Tuesday, November 14, 2006

Ministers accused of fuelling myths on human rights

MPs and peers say law is blamed to hide failings
Government refuses to admit errors, says report


Alan Travis, home affairs editor
Tuesday November 14, 2006
The Guardian

Senior ministers from Tony Blair downwards are guilty of making unfounded accusations about the law on human rights and using it as a scapegoat for their own administrative failings, according to a cross-party group of senior MPs and peers today. The joint human rights committee says that "very senior ministers" have fuelled widespread public misunderstandings and myths about the Human Rights Act, which will persist as long as they fail to retract their "unfortunate comments" and continue to use it to cover up administrative failings in their departments.

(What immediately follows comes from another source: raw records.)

lemma exists_param_independent:
  assumes rep: "qp_rep d H" and S: "S \<subseteq> {1..d}" "\<not> qp_dependent n d H S"
  shows "\<exists>p :: label \<Rightarrow> nat \<Rightarrow> 'a::field_char_0.
    generic_normals n H p \<and> \<not> lin_dependent {..<n} (gamma n H p) S"
proof -
  have "finite S" using S(1) by (rule finite_subset) simp
  then obtain sg where "bij_betw sg S {0..<card S}" using ex_bij_betw_finite_nat by blast
  then have sg: "inj_on sg S" "sg ` S \<subseteq> {..<n}"
    using qp_independent_card[OF S] by (auto simp: bij_betw_def)
  \<comment> \<open>send the members of S to distinct unit vectors, lying in the hyperplanes of their blocks\<close>
  obtain h :: "label \<Rightarrow> nat \<Rightarrow> 'a" where h: "generic_normals n H h" "\<forall>A\<in>H. \<forall>e\<in>S \<inter> A. h (Normal A) (sg e) = 0"
    using exists_generic_normals_vanishing[OF rep S sg] by blast
  have "dot n (h (Normal A)) (\<lambda>j. of_bool (j = sg e)) = 0" if "A \<in> H" "e \<in> A" "e \<in> S" for A e
    using h(2) that sg(2) by (auto simp: dot_unit_vector)
  then have "\<exists>p :: label \<Rightarrow> nat \<Rightarrow> 'a.
      generic_normals n H p \<and> (\<forall>e\<in>S. gamma n H p e = (\<lambda>j. of_bool (j = sg e)))"
    by (rule exists_param_with_points[OF h(1), where z = "\<lambda>e j. of_bool (j = sg e)"])
  then obtain p :: "label \<Rightarrow> nat \<Rightarrow> 'a"
    where p: "generic_normals n H p" "\<forall>e\<in>S. gamma n H p e = (\<lambda>j. of_bool (j = sg e))"
    by blast
  have "\<not> lin_dependent {..<n} (\<lambda>e j. of_bool (j = sg e) :: 'a) S"
    using unit_vectors_independent[OF \<open>finite S\<close> sg] .
  then have "\<not> lin_dependent {..<n} (gamma n H p) S"
    using p(2) by (subst lin_dependent_cong[of S _ _ "\<lambda>e j. of_bool (j = sg e)"]) auto
  then show ?thesis using p(1) by blast
qed
lemma l2_inner_legendre_kernel:
  assumes "degree v < n"
  shows "l2_inner v (legendre_kernel n t) = poly v t"
proof -
  have "l2_inner v (legendre_kernel n t) - poly v t = 0"
  proof (rule linear_functional_vanishes_below_degree[where B = legendre and n = n])
    fix j
    assume "j < n"
    have "l2_inner (legendre j) (legendre_kernel n t)
        = (\<Sum>i<n. poly (legendre i) t * ((2 * real i + 1) / 2 * l2_inner (legendre j) (legendre i)))"
      by (simp add: legendre_kernel_def l2_inner_sum_right l2_inner_smult_right mult_ac)
    also have "\<dots> = (\<Sum>i<n. if j = i then poly (legendre i) t else 0)"
    proof (rule sum.cong)
      fix i
      have "(2 * real i + 1) / 2 * (2 / (2 * real i + 1)) = 1"
        by (simp add: add_nonneg_eq_0_iff)
      then show "poly (legendre i) t * ((2 * real i + 1) / 2 * l2_inner (legendre j) (legendre i))
          = (if j = i then poly (legendre i) t else 0)"
        by (cases "j = i")
          (simp_all only: l2_inner_legendre_self mult_1_right, simp_all add: l2_inner_legendre_orthogonal)
    qed simp
    finally show "l2_inner (legendre j) (legendre_kernel n t) - poly (legendre j) t = 0"
      using \<open>j < n\<close> by simp
  qed (simp_all add: degree_legendre legendre_nonzero assms l2_inner_simps right_diff_distrib)
  then show ?thesis
    by simp
qed

lemma poly_legendre_kernel:
  "poly (legendre_kernel n t) s = (\<Sum>j<n. (2 * real j + 1) / 2 * poly (legendre j) t * poly (legendre j) s)"
  by (simp add: legendre_kernel_def poly_sum)

lemma legendre_kernel_diagonal:
  assumes "t = 1 \<or> t = -1"
  shows "poly (legendre_kernel n t) t = (real n)\<^sup>2 / 2"
proof -
  have "(\<Sum>j<n. (2 * real j + 1) / 2) = (real n)\<^sup>2 / 2"
    by (induction n) (simp_all add: field_simps power2_eq_square)
  moreover have "(-1 :: real) ^ j * (-1) ^ j = 1" for j
    by (simp flip: power_mult_distrib)
  ultimately show ?thesis
    using assms by (auto simp: poly_legendre_kernel poly_legendre_one poly_legendre_minus_one mult.assoc)
qed

lemma legendre_kernel_off_diagonal:
  "poly (legendre_kernel n 1) (-1) = (-1 :: real) ^ Suc n * real n / 2"
proof -
  have "(\<Sum>j<n. (2 * real j + 1) / 2 * (-1) ^ j) = (-1 :: real) ^ Suc n * real n / 2"
    by (induction n) (simp_all add: field_simps)
  then show ?thesis
    by (simp add: poly_legendre_kernel poly_legendre_one poly_legendre_minus_one)
qed

text \<open>Bessel's inequality for the orthogonal pair \<open>k\<^sub>1 \<plusminus> (-1)\<^sup>p k\<^sub>-\<^sub>1\<close> of reproducing kernels,
  whose inner products with \<open>u\<close> are \<open>u(1) \<plusminus> (-1)\<^sup>p u(-1)\<close>.\<close>

lemma endpoint_values_le_l2_inner:
  assumes "2 \<le> p" and "degree u < p"
  shows "(poly u 1 + (-1) ^ p * poly u (-1))\<^sup>2 / (real p * (real p - 1))
       + (poly u 1 - (-1) ^ p * poly u (-1))\<^sup>2 / (real p * (real p + 1)) \<le> l2_inner u u"
proof -
  define s :: real where "s = (-1) ^ p"
  define k1 k2 where "k1 = legendre_kernel p 1" and "k2 = legendre_kernel p (-1)"
  have s2: "s * (s * t) = t" for t
    by (simp add: s_def mult.assoc[symmetric] flip: power_mult_distrib)
  have "p - 1 < p"
    using assms(1) by simp
  then have deg1: "degree k1 < p" and deg2: "degree k2 < p"
    unfolding k1_def k2_def by (meson degree_legendre_kernel le_less_trans)+
  have k11: "l2_inner k1 k1 = (real p)\<^sup>2 / 2"
    using l2_inner_legendre_kernel[OF deg1, of 1] legendre_kernel_diagonal[of 1 p]
    unfolding k1_def by simp
  have k22: "l2_inner k2 k2 = (real p)\<^sup>2 / 2"
    using l2_inner_legendre_kernel[OF deg2, of "-1"] legendre_kernel_diagonal[of "-1" p]
    unfolding k2_def by simp
  have k12: "l2_inner k1 k2 = - s * p / 2"
    using l2_inner_legendre_kernel[OF deg1, of "-1"] legendre_kernel_off_diagonal[of p]
    unfolding k1_def k2_def s_def by simp
  have k21: "l2_inner k2 k1 = - s * p / 2"
    using k12 by (simp add: l2_inner_commute)
  have uk: "l2_inner u k1 = poly u 1" "l2_inner u k2 = poly u (-1)"
    by (simp_all add: l2_inner_legendre_kernel k1_def k2_def assms(2))
  define e1 e2 where "e1 = k1 + smult s k2" and "e2 = k1 - smult s k2"
  have "l2_inner e1 e2 = 0"
    by (simp add: e1_def e2_def l2_inner_simps k11 k22 k12 k21 algebra_simps s2)
  moreover have "l2_inner e1 e1 = real p * (real p - 1)" and "l2_inner e2 e2 = real p * (real p + 1)"
    by (simp_all add: e1_def e2_def l2_inner_simps k11 k22 k12 k21 algebra_simps power2_eq_square s2)
  moreover have "0 < real p * (real p - 1)" and "0 < real p * (real p + 1)"
    using assms(1) by simp_all
  moreover have "l2_inner u e1 = poly u 1 + s * poly u (-1)" and "l2_inner u e2 = poly u 1 - s * poly u (-1)"
    by (simp_all add: e1_def e2_def l2_inner_simps uk)
  ultimately show ?thesis
    using l2_inner_bessel[of e1 e2 u] by (simp add: s_def)
qed

lemma quadratic_form_nonneg:
  fixes a b c x z :: real
  assumes "0 < a" and "b\<^sup>2 \<le> 4 * a * c"
  shows "0 \<le> a * x\<^sup>2 + b * x * z + c * z\<^sup>2"
proof -
  have "4 * a * (a * x\<^sup>2 + b * x * z + c * z\<^sup>2) = (2 * a * x + b * z)\<^sup>2 + (4 * a * c - b\<^sup>2) * z\<^sup>2"
    by (simp add: algebra_simps power2_eq_square)
  also have "0 \<le> \<dots>"
    using assms(2) by simp
  finally show ?thesis
    using assms(1) by (simp add: zero_le_mult_iff)
qed

text \<open>This is the only place where \<open>p \<le> 13\<close> is used: the difference of the two sides is a
  quadratic form in \<open>(x, z)\<close> that is positive definite for \<open>2 \<le> p \<le> 13\<close>, but indefinite for
  \<open>p = 14\<close> even with \<open>1/256\<close> replaced by \<open>0\<close>.\<close>

lemma endpoint_quadratic_form_le:
  fixes x z :: real
  assumes "2 \<le> p" and "p \<le> 13"
  shows "(z + 2 * x)\<^sup>2 / (2 * (real p)\<^sup>2) + (1 + 4 * (1 / 256)) * z\<^sup>2 / (2 * (2 * real p + 1))
    \<le> (2 - 1 / 256) * ((x + z)\<^sup>2 / (real p * (real p - 1)) + (x - z)\<^sup>2 / (real p * (real p + 1)))"
proof -
  define c :: real where "c = 1 / 256"
  define q1 q2 w v :: real where "q1 = 1 / (real p * (real p - 1))" and "q2 = 1 / (real p * (real p + 1))"
    and "w = 1 / (real p)\<^sup>2" and "v = 1 / (2 * real p + 1)"
  define A B C where "A = (2 - c) * (q1 + q2) - 2 * w" and "B = 2 * (2 - c) * (q1 - q2) - 2 * w"
    and "C = (2 - c) * (q1 + q2) - w / 2 - (1 + 4 * c) * v / 2"
  have "p = 2 \<or> p = 3 \<or> p = 4 \<or> p = 5 \<or> p = 6 \<or> p = 7 \<or> p = 8 \<or> p = 9 \<or> p = 10 \<or> p = 11
      \<or> p = 12 \<or> p = 13"
    using assms by presburger
  then have "0 < A \<and> B\<^sup>2 \<le> 4 * A * C"
    by (elim disjE) (simp_all add: A_def B_def C_def c_def q1_def q2_def w_def v_def power2_eq_square)
  then have "0 \<le> A * x\<^sup>2 + B * x * z + C * z\<^sup>2"
    by (simp add: quadratic_form_nonneg)
  also have "A * x\<^sup>2 + B * x * z + C * z\<^sup>2
      = (2 - c) * ((x + z)\<^sup>2 * q1 + (x - z)\<^sup>2 * q2) - ((z + 2 * x)\<^sup>2 * w / 2 + (1 + 4 * c) * z\<^sup>2 * v / 2)"
    unfolding A_def B_def C_def by (simp add: power2_eq_square algebra_simps)
  finally show ?thesis
    by (simp add: c_def q1_def q2_def w_def v_def)
qed

text \<open>For \<open>\<eta> = u + a P\<^sub>p\<close> with \<open>\<eta>(-1) = 0\<close> one has \<open>u(-1) = -(-1)\<^sup>p a\<close>, and the inequality below
  becomes \<open>c\<parallel>\<eta>\<parallel>\<^sup>2 \<le> J(\<psi>;\<eta>)\<close> for \<open>\<psi> = 3u + ((a - 2u(1))/K) k\<^sub>1\<close>.\<close>

definition endpoint_estimate :: "nat \<Rightarrow> real \<Rightarrow> bool" where
  "endpoint_estimate p c \<longleftrightarrow> (\<forall>u. degree u < p \<longrightarrow>
     (poly u (-1) + 2 * (-1) ^ p * poly u 1)\<^sup>2 / (2 * (real p)\<^sup>2)
       + (1 + 4 * c) * (poly u (-1))\<^sup>2 / (2 * (2 * real p + 1))
     \<le> (2 - c) * l2_inner u u)"

lemma endpoint_estimate_upto_13:
  assumes "1 \<le> p" and "p \<le> 13"
  shows "endpoint_estimate p (1 / 256)"
  unfolding endpoint_estimate_def
proof (intro allI impI)
  fix u :: "real poly"
  assume deg: "degree u < p"
  show "(poly u (-1) + 2 * (-1) ^ p * poly u 1)\<^sup>2 / (2 * (real p)\<^sup>2)
       + (1 + 4 * (1 / 256)) * (poly u (-1))\<^sup>2 / (2 * (2 * real p + 1))
     \<le> (2 - 1 / 256) * l2_inner u u"
  proof (cases "p = 1")
    case True
    then obtain t where u: "u = [:t:]"
      using deg by (metis degree0_coeffs less_one)
    have "l2_inner u u = 2 * (t * t)"
      by (simp add: u l2_inner_def)
    then show ?thesis
      using True zero_le_square[of t] by (simp add: u power2_eq_square)
  next
    case False
    define s :: real where "s = (-1) ^ p"
    define x z where "x = poly u 1" and "z = s * poly u (-1)"
    have s2: "s * (s * t) = t" for t
      by (simp add: s_def mult.assoc[symmetric] flip: power_mult_distrib)
    have "poly u (-1) = s * z"
      by (simp add: z_def s2)
    then have "(poly u (-1) + 2 * (-1) ^ p * poly u 1)\<^sup>2 = (z + 2 * x)\<^sup>2"
      and "(poly u (-1))\<^sup>2 = z\<^sup>2"
      by (simp_all add: x_def power2_eq_square algebra_simps s2 flip: s_def)
    then have "(poly u (-1) + 2 * (-1) ^ p * poly u 1)\<^sup>2 / (2 * (real p)\<^sup>2)
        + (1 + 4 * (1 / 256)) * (poly u (-1))\<^sup>2 / (2 * (2 * real p + 1))
      = (z + 2 * x)\<^sup>2 / (2 * (real p)\<^sup>2) + (1 + 4 * (1 / 256)) * z\<^sup>2 / (2 * (2 * real p + 1))"
      by (simp only:)
    also have "\<dots> \<le> (2 - 1 / 256)
        * ((x + z)\<^sup>2 / (real p * (real p - 1)) + (x - z)\<^sup>2 / (real p * (real p + 1)))"
      using False assms by (intro endpoint_quadratic_form_le) auto
    also have "\<dots> \<le> (2 - 1 / 256) * l2_inner u u"
      using endpoint_values_le_l2_inner[OF _ deg] False assms(1)
      by (intro mult_left_mono) (simp_all add: x_def z_def s_def)
    finally show ?thesis .
  qed
qed

lemma J_funct_construction:
  assumes "l2_inner u L = 0" and "l2_inner k L = 0" and "l2_inner u k = x" and "l2_inner k k = K"
    and "K \<noteq> 0"
  shows "J_funct (smult 3 u + smult (d / K) k) (u + smult a L)
    = 2 * l2_inner u u - d\<^sup>2 / (4 * K) - a\<^sup>2 * l2_inner L L / 4"
proof -
  have sym: "l2_inner L u = 0" "l2_inner L k = 0" "l2_inner k u = x"
    using assms(1-3) by (simp_all add: l2_inner_commute)
  have "l2_inner (u + smult a L) (smult 3 u + smult (d / K) k) = 3 * l2_inner u u + d / K * x"
    using assms sym by (simp add: l2_inner_simps)
  moreover have "l2_inner (u + smult a L - (smult 3 u + smult (d / K) k))
      (u + smult a L - (smult 3 u + smult (d / K) k))
    = 4 * l2_inner u u + 4 * (d / K) * x + (d / K) * (d / K) * K + a * a * l2_inner L L"
    using assms sym by (simp add: l2_inner_simps algebra_simps)
  ultimately show ?thesis
    using assms(5) by (simp add: J_funct_l2_inner field_simps power2_eq_square)
qed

It found that in each case the government itself was responsible for creating the misleading impression that it was the Human Rights Act or its misinterpretation by officials that caused the problems. "In each case, senior ministers, from the prime minister down, made assertions that the Human Rights Act, or judges or officials interpreting it, were responsible for certain unpopular events when in each case those assertions were unfounded," says the report.

"Moreover, when those assertions were demonstrated to be unfounded, there was no acknowledgement of the error, or withdrawal of the comment, or any other attempt to inform the public of the mistake."